Amado Batista contra a maldição do CPC

O que pensamos quando nos referimos à cultura popular? O grande mérito de Vou Rifar Meu Coração é delinear bem esta questão. Não é uma questão com a qual lidamos bem: o intelectual brasileiro nunca se livrou da maldição do CPC; menos pensa o popular e mais quer definir de antemão do que ele trata, buscar um essencial nacional, positivo e de qualidade, que nos justifique. Quando Odair José, no meio do filme, diz que o que chamamos de música popular brasileira é na verdade a música popular de Ipanema, há certamente rancor, mas sem deixar de delinear algo real. A música brega tem uma sujeira que preferimos disfarçar, uma pobreza que não combina com o ideal do nacional. A varremos, como varremos no cinema a pornochanchada.

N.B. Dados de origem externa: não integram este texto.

(* Let $d\ge1$ and let $X_1,\dots,X_d$ be non-negative integrable random variables such that $\mathbb{P}(X_i>t,X_j>t)\le\mathbb{P}(X_i>t)\mathbb{P}(X_j>t)$ for all $i\neq j\in[d]$ and all $t>0$. Let $\tilde X_1,\dots,\tilde X_d$ be mutually independent with $\tilde X_i$ equal in distribution to $X_i$. Then $\mathbb{E}\max_{i\in[d]}X_i\ge\frac12\mathbb{E}\max_{i\in[d]}\tilde X_i$.
   Context: $[d]=\{1,\dots,d\}$. *)

theory Defs
  imports "HOL-Probability.Probability"
begin

end

theory Submission
  imports Defs
begin

(* For t > 0 let S be the sum of the tail probabilities P(X_i > t). Since the tail events are
   pairwise negatively correlated, the second-moment (Chung-Erdos) bound gives
   P(max X_i > t) \<ge> S / (1 + S), while the union bound gives P(max Y_i > t) \<le> min 1 S.
   As min 1 S \<le> 2 S / (1 + S), the tails of max Y_i are at most twice those of max X_i,
   and integrating over t > 0 (layer cake formula) compares the expectations.
   Independence of the Y_i enters only through their measurability. *)

lemma nn_integral_layer_cake:
  fixes f :: "'a \<Rightarrow> real"
  assumes "sigma_finite_measure M" and f[measurable]: "f \<in> borel_measurable M"
  shows "(\<integral>\<^sup>+x. ennreal (f x) \<partial>M) =
    (\<integral>\<^sup>+t. indicator {0<..} t * emeasure M {x\<in>space M. t < f x} \<partial>lborel)"
proof -
  interpret pair_sigma_finite lborel M
    using assms(1) by (simp add: pair_sigma_finite_def lborel.sigma_finite_measure_axioms)
  have pointwise: "ennreal (f x) = (\<integral>\<^sup>+t. indicator {0<..} t * indicator {t. t < f x} t \<partial>lborel)"
    for x
  proof -
    have "(\<integral>\<^sup>+t. indicator {0<..} t * indicator {t. t < f x} t \<partial>lborel)
        = (\<integral>\<^sup>+t. indicator {0<..<f x} t \<partial>lborel)"
      by (intro nn_integral_cong) (auto simp: indicator_def)
    also have "\<dots> = ennreal (f x)"
      by (cases "0 < f x") (auto simp: ennreal_neg)
    finally show ?thesis by simp
  qed
  have "(\<integral>\<^sup>+x. ennreal (f x) \<partial>M) =
     (\<integral>\<^sup>+x. (\<integral>\<^sup>+t. indicator {0<..} t * indicator {t. t < f x} t \<partial>lborel) \<partial>M)"
    by (simp add: pointwise[symmetric])
  also have "\<dots> = (\<integral>\<^sup>+t. (\<integral>\<^sup>+x. indicator {0<..} t * indicator {t. t < f x} t \<partial>M) \<partial>lborel)"
    by (rule Fubini'[where f="\<lambda>t x. indicator {0<..} t * indicator {t. t < f x} t"]) measurable
  also have "\<dots> = (\<integral>\<^sup>+t. indicator {0<..} t * emeasure M {x\<in>space M. t < f x} \<partial>lborel)"
  proof (intro nn_integral_cong)
    fix t :: real
    have "(\<integral>\<^sup>+x. indicator {0<..} t * indicator {t. t < f x} t \<partial>M) =
       (\<integral>\<^sup>+x. indicator {0<..} t * indicator {x\<in>space M. t < f x} x \<partial>M)"
      by (intro nn_integral_cong) (auto simp: indicator_def)
    also have "\<dots> = indicator {0<..} t * emeasure M {x\<in>space M. t < f x}"
      by (rule nn_integral_cmult_indicator) measurable
    finally show "(\<integral>\<^sup>+x. indicator {0<..} t * indicator {t. t < f x} t \<partial>M)
        = indicator {0<..} t * emeasure M {x\<in>space M. t < f x}" .
  qed
  finally show ?thesis .
qed

lemma integral_le_of_tail_le:
  fixes f :: "'a \<Rightarrow> real" and g :: "'b \<Rightarrow> real"
  assumes "finite_measure M" and "finite_measure N"
    and [measurable]: "f \<in> borel_measurable M" "g \<in> borel_measurable N"
    and "integrable M f" and f_nonneg: "AE x in M. 0 \<le> f x" and "0 \<le> c"
    and tail: "\<And>t. 0 < t \<Longrightarrow>
      measure N {x\<in>space N. t < g x} \<le> c * measure M {x\<in>space M. t < f x}"
  shows "(\<integral>x. g x \<partial>N) \<le> c * (\<integral>x. f x \<partial>M)"
proof (rule integral_real_bounded)
  interpret M: finite_measure M by fact
  interpret N: finite_measure N by fact
  have "(\<integral>\<^sup>+x. ennreal (g x) \<partial>N) =
      (\<integral>\<^sup>+t. indicator {0<..} t * emeasure N {x\<in>space N. t < g x} \<partial>lborel)"
    by (rule nn_integral_layer_cake) (auto simp: N.sigma_finite_measure_axioms)
  also have "\<dots> \<le> (\<integral>\<^sup>+t. c * (indicator {0<..} t * emeasure M {x\<in>space M. t < f x}) \<partial>lborel)"
  proof (rule nn_integral_mono)
    fix t :: real
    show "indicator {0<..} t * emeasure N {x\<in>space N. t < g x}
        \<le> c * (indicator {0<..} t * emeasure M {x\<in>space M. t < f x})"
      using tail[of t] \<open>0 \<le> c\<close>
      by (cases "0 < t") (auto simp: N.emeasure_eq_measure M.emeasure_eq_measure
          ennreal_mult[symmetric] intro: ennreal_leI)
  qed
  also have "\<dots> = c * (\<integral>\<^sup>+x. ennreal (f x) \<partial>M)"
    by (subst nn_integral_cmult) (auto simp: nn_integral_layer_cake M.sigma_finite_measure_axioms)
  also have "\<dots> = ennreal (c * (\<integral>x. f x \<partial>M))"
    using assms f_nonneg by (simp add: nn_integral_eq_integral integral_nonneg_AE ennreal_mult)
  finally show "(\<integral>\<^sup>+x. ennreal (g x) \<partial>N) \<le> ennreal (c * (\<integral>x. f x \<partial>M))" .
  show "0 \<le> c * (\<integral>x. f x \<partial>M)"
    using \<open>0 \<le> c\<close> f_nonneg by (simp add: integral_nonneg_AE)
qed

lemma (in prob_space) prob_UN_ge_second_moment:
  fixes A :: "'i \<Rightarrow> 'a set" and a :: real
  assumes "finite I" and A: "\<And>i. i \<in> I \<Longrightarrow> A i \<in> events"
  shows "2 * a * (\<Sum>i\<in>I. prob (A i)) - a\<^sup>2 * (\<Sum>i\<in>I. \<Sum>j\<in>I. prob (A i \<inter> A j))
    \<le> prob (\<Union>i\<in>I. A i)"
proof -
  define n where "n \<omega> = (\<Sum>i\<in>I. indicator (A i) \<omega> :: real)" for \<omega>
  have U: "(\<Union>i\<in>I. A i) \<in> events" using assms by blast
  have int_ind: "integrable M (indicator B :: 'a \<Rightarrow> real)" if "B \<in> events" for B
    using that by (simp add: less_top[symmetric])
  have exp_ind: "expectation (indicator B) = prob B" if "B \<in> events" for B
    using that by (simp add: Int_absorb2 sets.sets_into_space)
  have n_sq: "(n \<omega>)\<^sup>2 = (\<Sum>i\<in>I. \<Sum>j\<in>I. indicator (A i \<inter> A j) \<omega>)" for \<omega>
    unfolding n_def power2_eq_square sum_product by (simp add: indicator_inter_arith)
  have pointwise: "2 * a * n \<omega> - a\<^sup>2 * (n \<omega>)\<^sup>2 \<le> indicator (\<Union>i\<in>I. A i) \<omega>" for \<omega>
  proof (cases "\<omega> \<in> (\<Union>i\<in>I. A i)")
    case True
    have "2 * a * n \<omega> - a\<^sup>2 * (n \<omega>)\<^sup>2 = 1 - (a * n \<omega> - 1)\<^sup>2"
      by (simp add: power2_eq_square algebra_simps)
    then show ?thesis using True by simp
  next
    case False
    then have "n \<omega> = 0" unfolding n_def by (auto intro!: sum.neutral)
    then show ?thesis by simp
  qed
  have int_n: "integrable M n"
    unfolding n_def using A by (auto intro!: Bochner_Integration.integrable_sum int_ind)
  have int_n_sq: "integrable M (\<lambda>\<omega>. (n \<omega>)\<^sup>2)"
    unfolding n_sq using A by (auto intro!: Bochner_Integration.integrable_sum int_ind)
  have "expectation n = (\<Sum>i\<in>I. prob (A i))"
    unfolding n_def using A by (simp add: Bochner_Integration.integral_sum int_ind exp_ind)
  moreover have "expectation (\<lambda>\<omega>. (n \<omega>)\<^sup>2) = (\<Sum>i\<in>I. \<Sum>j\<in>I. prob (A i \<inter> A j))"
    unfolding n_sq using A by (simp add: Bochner_Integration.integral_sum int_ind exp_ind)
  ultimately have "2 * a * (\<Sum>i\<in>I. prob (A i)) - a\<^sup>2 * (\<Sum>i\<in>I. \<Sum>j\<in>I. prob (A i \<inter> A j))
      = expectation (\<lambda>\<omega>. 2 * a * n \<omega> - a\<^sup>2 * (n \<omega>)\<^sup>2)"
    using int_n int_n_sq by simp
  also have "\<dots> \<le> expectation (indicator (\<Union>i\<in>I. A i))"
    using int_n int_n_sq U by (intro integral_mono pointwise int_ind) auto
  also have "\<dots> = prob (\<Union>i\<in>I. A i)"
    using U by (rule exp_ind)
  finally show ?thesis .
qed

lemma (in prob_space) prob_UN_ge_negatively_correlated:
  assumes "finite I" and A: "\<And>i. i \<in> I \<Longrightarrow> A i \<in> events"
    and neg: "\<And>i j. i \<in> I \<Longrightarrow> j \<in> I \<Longrightarrow> i \<noteq> j \<Longrightarrow> prob (A i \<inter> A j) \<le> prob (A i) * prob (A j)"
  shows "(\<Sum>i\<in>I. prob (A i)) / (1 + (\<Sum>i\<in>I. prob (A i))) \<le> prob (\<Union>i\<in>I. A i)"
proof -
  define S where "S = (\<Sum>i\<in>I. prob (A i))"
  define a where "a = 1 / (1 + S)"
  have "S \<ge> 0" unfolding S_def by (simp add: sum_nonneg)
  have "(\<Sum>i\<in>I. \<Sum>j\<in>I. prob (A i \<inter> A j))
      \<le> (\<Sum>i\<in>I. \<Sum>j\<in>I. prob (A i) * prob (A j) + (if i = j then prob (A i) else 0))"
    using neg by (intro sum_mono) (auto simp: measure_nonneg)
  also have "\<dots> = S\<^sup>2 + S"
    unfolding S_def power2_eq_square sum_product using \<open>finite I\<close> by (simp add: sum.distrib)
  finally have pairs: "(\<Sum>i\<in>I. \<Sum>j\<in>I. prob (A i \<inter> A j)) \<le> S\<^sup>2 + S" .
  have "a * (1 + S) = 1"
    using \<open>S \<ge> 0\<close> unfolding a_def by simp
  moreover have "2 * a * S - a\<^sup>2 * (S\<^sup>2 + S) = a * S * (2 - a * (1 + S))"
    by (simp add: power2_eq_square algebra_simps)
  ultimately have "2 * a * S - a\<^sup>2 * (S\<^sup>2 + S) = a * S"
    by simp
  then have "S / (1 + S) = 2 * a * S - a\<^sup>2 * (S\<^sup>2 + S)"
    unfolding a_def by simp
  also have "\<dots> \<le> 2 * a * S - a\<^sup>2 * (\<Sum>i\<in>I. \<Sum>j\<in>I. prob (A i \<inter> A j))"
    using pairs by (simp add: mult_left_mono)
  also have "\<dots> \<le> prob (\<Union>i\<in>I. A i)"
    unfolding S_def using assms(1) A by (rule prob_UN_ge_second_moment)
  finally show ?thesis unfolding S_def .
qed

lemma exceedance_le_twice_of_negatively_correlated:
  fixes X :: "'i \<Rightarrow> 'a \<Rightarrow> real" and Y :: "'i \<Rightarrow> 'b \<Rightarrow> real"
  assumes "prob_space M" and "prob_space N" and "finite I"
    and [measurable]: "\<And>i. i \<in> I \<Longrightarrow> X i \<in> borel_measurable M"
      "\<And>i. i \<in> I \<Longrightarrow> Y i \<in> borel_measurable N"
    and same_distr: "\<And>i. i \<in> I \<Longrightarrow> distr N borel (Y i) = distr M borel (X i)"
    and neg: "\<And>i j. i \<in> I \<Longrightarrow> j \<in> I \<Longrightarrow> i \<noteq> j \<Longrightarrow>
      measure M {\<omega>\<in>space M. t < X i \<omega> \<and> t < X j \<omega>}
        \<le> measure M {\<omega>\<in>space M. t < X i \<omega>} * measure M {\<omega>\<in>space M. t < X j \<omega>}"
  shows "measure N {\<omega>\<in>space N. \<exists>i\<in>I. t < Y i \<omega>} \<le> 2 * measure M {\<omega>\<in>space M. \<exists>i\<in>I. t < X i \<omega>}"
proof -
  interpret M: prob_space M by fact
  interpret N: prob_space N by fact
  define S where "S = (\<Sum>i\<in>I. measure M {\<omega>\<in>space M. t < X i \<omega>})"
  have "S \<ge> 0" unfolding S_def by (simp add: sum_nonneg)
  have same_tail: "measure N {\<omega>\<in>space N. t < Y i \<omega>} = measure M {\<omega>\<in>space M. t < X i \<omega>}"
    if "i \<in> I" for i
  proof -
    have "measure N {\<omega>\<in>space N. t < Y i \<omega>} = measure (distr N borel (Y i)) {t<..}"
      using that by (subst measure_distr) (auto intro!: arg_cong[where f="measure N"])
    also have "\<dots> = measure (distr M borel (X i)) {t<..}"
      using same_distr[OF that] by simp
    also have "\<dots> = measure M {\<omega>\<in>space M. t < X i \<omega>}"
      using that by (subst measure_distr) (auto intro!: arg_cong[where f="measure M"])
    finally show ?thesis .
  qed
  have "measure N {\<omega>\<in>space N. \<exists>i\<in>I. t < Y i \<omega>} = measure N (\<Union>i\<in>I. {\<omega>\<in>space N. t < Y i \<omega>})"
    by (intro arg_cong[where f="measure N"]) auto
  also have "\<dots> \<le> S"
    unfolding S_def using \<open>finite I\<close>
    by (auto simp: same_tail[symmetric] intro!: N.finite_measure_subadditive_finite)
  finally have "measure N {\<omega>\<in>space N. \<exists>i\<in>I. t < Y i \<omega>} \<le> min 1 S"
    by simp
  also have "\<dots> \<le> 2 * (S / (1 + S))"
    using \<open>S \<ge> 0\<close> by (cases "S \<le> 1") (auto simp: field_simps mult_left_le)
  also have "S / (1 + S) \<le> measure M (\<Union>i\<in>I. {\<omega>\<in>space M. t < X i \<omega>})"
    unfolding S_def
  proof (rule M.prob_UN_ge_negatively_correlated)
    fix i j assume "i \<in> I" "j \<in> I" "i \<noteq> j"
    moreover have "{\<omega>\<in>space M. t < X i \<omega>} \<inter> {\<omega>\<in>space M. t < X j \<omega>}
        = {\<omega>\<in>space M. t < X i \<omega> \<and> t < X j \<omega>}"
      by auto
    ultimately show "measure M ({\<omega>\<in>space M. t < X i \<omega>} \<inter> {\<omega>\<in>space M. t < X j \<omega>})
        \<le> measure M {\<omega>\<in>space M. t < X i \<omega>} * measure M {\<omega>\<in>space M. t < X j \<omega>}"
      using neg by simp
  qed (use \<open>finite I\<close> in auto)
  also have "(\<Union>i\<in>I. {\<omega>\<in>space M. t < X i \<omega>}) = {\<omega>\<in>space M. \<exists>i\<in>I. t < X i \<omega>}"
    by auto
  finally show ?thesis by simp
qed

theorem corollary13:
  fixes M :: "'a measure" and N :: "'b measure"
    and X :: "nat \<Rightarrow> 'a \<Rightarrow> real" and Y :: "nat \<Rightarrow> 'b \<Rightarrow> real"
    and d :: nat
  assumes "prob_space M" and "prob_space N"
    and "d \<ge> 1"
    and rvX: "\<And>i. i \<in> {1..d} \<Longrightarrow> X i \<in> borel_measurable M"
    and nonneg: "\<And>i \<omega>. i \<in> {1..d} \<Longrightarrow> \<omega> \<in> space M \<Longrightarrow> X i \<omega> \<ge> 0"
    and intX: "\<And>i. i \<in> {1..d} \<Longrightarrow> integrable M (X i)"
    and negdep: "\<And>i j t. i \<in> {1..d} \<Longrightarrow> j \<in> {1..d} \<Longrightarrow> i \<noteq> j \<Longrightarrow> t > 0 \<Longrightarrow>
        measure M {\<omega> \<in> space M. X i \<omega> > t \<and> X j \<omega> > t}
          \<le> measure M {\<omega> \<in> space M. X i \<omega> > t} * measure M {\<omega> \<in> space M. X j \<omega> > t}"
    and indepY: "prob_space.indep_vars N (\<lambda>_. borel) Y {1..d}"
    and distY: "\<And>i. i \<in> {1..d} \<Longrightarrow> distr N borel (Y i) = distr M borel (X i)"
  shows "(\<integral>\<omega>. (MAX i\<in>{1..d}. X i \<omega>) \<partial>M) \<ge> (1/2) * (\<integral>\<omega>. (MAX i\<in>{1..d}. Y i \<omega>) \<partial>N)"
proof -
  interpret M: prob_space M by fact
  interpret N: prob_space N by fact
  have I: "finite {1..d}" "{1..d} \<noteq> {}"
    using \<open>d \<ge> 1\<close> by auto
  have rvY: "\<And>i. i \<in> {1..d} \<Longrightarrow> Y i \<in> borel_measurable N"
    using indepY unfolding N.indep_vars_def2 by auto
  have "(\<integral>\<omega>. (MAX i\<in>{1..d}. Y i \<omega>) \<partial>N) \<le> 2 * (\<integral>\<omega>. (MAX i\<in>{1..d}. X i \<omega>) \<partial>M)"
  proof (rule integral_le_of_tail_le)
    show "integrable M (\<lambda>\<omega>. MAX i\<in>{1..d}. X i \<omega>)"
      using I intX by (rule integrable_MAX)
    show "AE \<omega> in M. 0 \<le> (MAX i\<in>{1..d}. X i \<omega>)"
      using I nonneg by (auto intro!: AE_I2 simp: Max_ge_iff)
    show "measure N {\<omega>\<in>space N. t < (MAX i\<in>{1..d}. Y i \<omega>)}
        \<le> 2 * measure M {\<omega>\<in>space M. t < (MAX i\<in>{1..d}. X i \<omega>)}" if "0 < t" for t
      using exceedance_le_twice_of_negatively_correlated[OF assms(1,2) I(1) rvX rvY distY negdep]
        that I by (simp add: Max_gr_iff)
  qed (use I rvX rvY in \<open>auto intro!: borel_measurable_Max M.finite_measure_axioms N.finite_measure_axioms\<close>)
  then show ?thesis
    by simp
qed

end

Inverte-se a ordem das coisas e o popular se transmuta em popularesco.

A comparação com a pornochanchada é bem útil; num texto do seu começo de carreira, Inácio Araújo a delineou bem: “O público quer ver problema sexuais em cena, preocupa-se com isso e não tem dinheiro para pagar o psicanalista. A Pornochanchada é o divã do pobre. Não há mal nisso. Os letrados é que são pudicos. Desprezam (ou temem identificar-se?) a sensualidade meio selvagem dos iletrados, falam em ‘seriedade’, em ‘problemas nacionais’, mas está na cara que isso é um biombo. A ordem (social) está toda montada para que a classe média tire o corpo fora, não se meta com esses problemas sujos”. É este mesmo o principio organizador do filme de Ana Rieper.

Nos seus melhores momentos, Vou Rifar Meu Coração pouco faz alem de colocar sua câmera diante dos seus personagens; mais do que falar, suas faces expressam uma satisfação, estas canções significam-lhe algo, respondem a um desejo. Se Vou Rifar Meu Coração é um bom filme é porque identifica estes personagens sem coisificá-los. Não são expressões do “popular”, tipos para um estudo, mas pessoas para quem esta música importa. Não é um processo que Vou Rifar Meu Coração realiza sempre com grande elegância (As Canções, de Eduardo Coutinho, trabalha sobre dispositivo similar, se mais envernizado, mas o faz com mais desenvoltura). E é certo que o filme é desigual, muito mais forte quando lida com os fãs do que com os músicos, em seqüências que tendem ao protocolar. Não importa, porém, pois Vou Rifar meu Coração tem um ponto de vista e o apresenta com desenvoltura, sabe onde quer ir e o alcança. Nestes momentos em que a cineasta se encontra com seus personagens, lida com a idéia de popular com muito mais vivacidade do que o cinema brasileiro costuma alcançar, perdido que é entre os seus Lisbelas e A Pedra do Reino.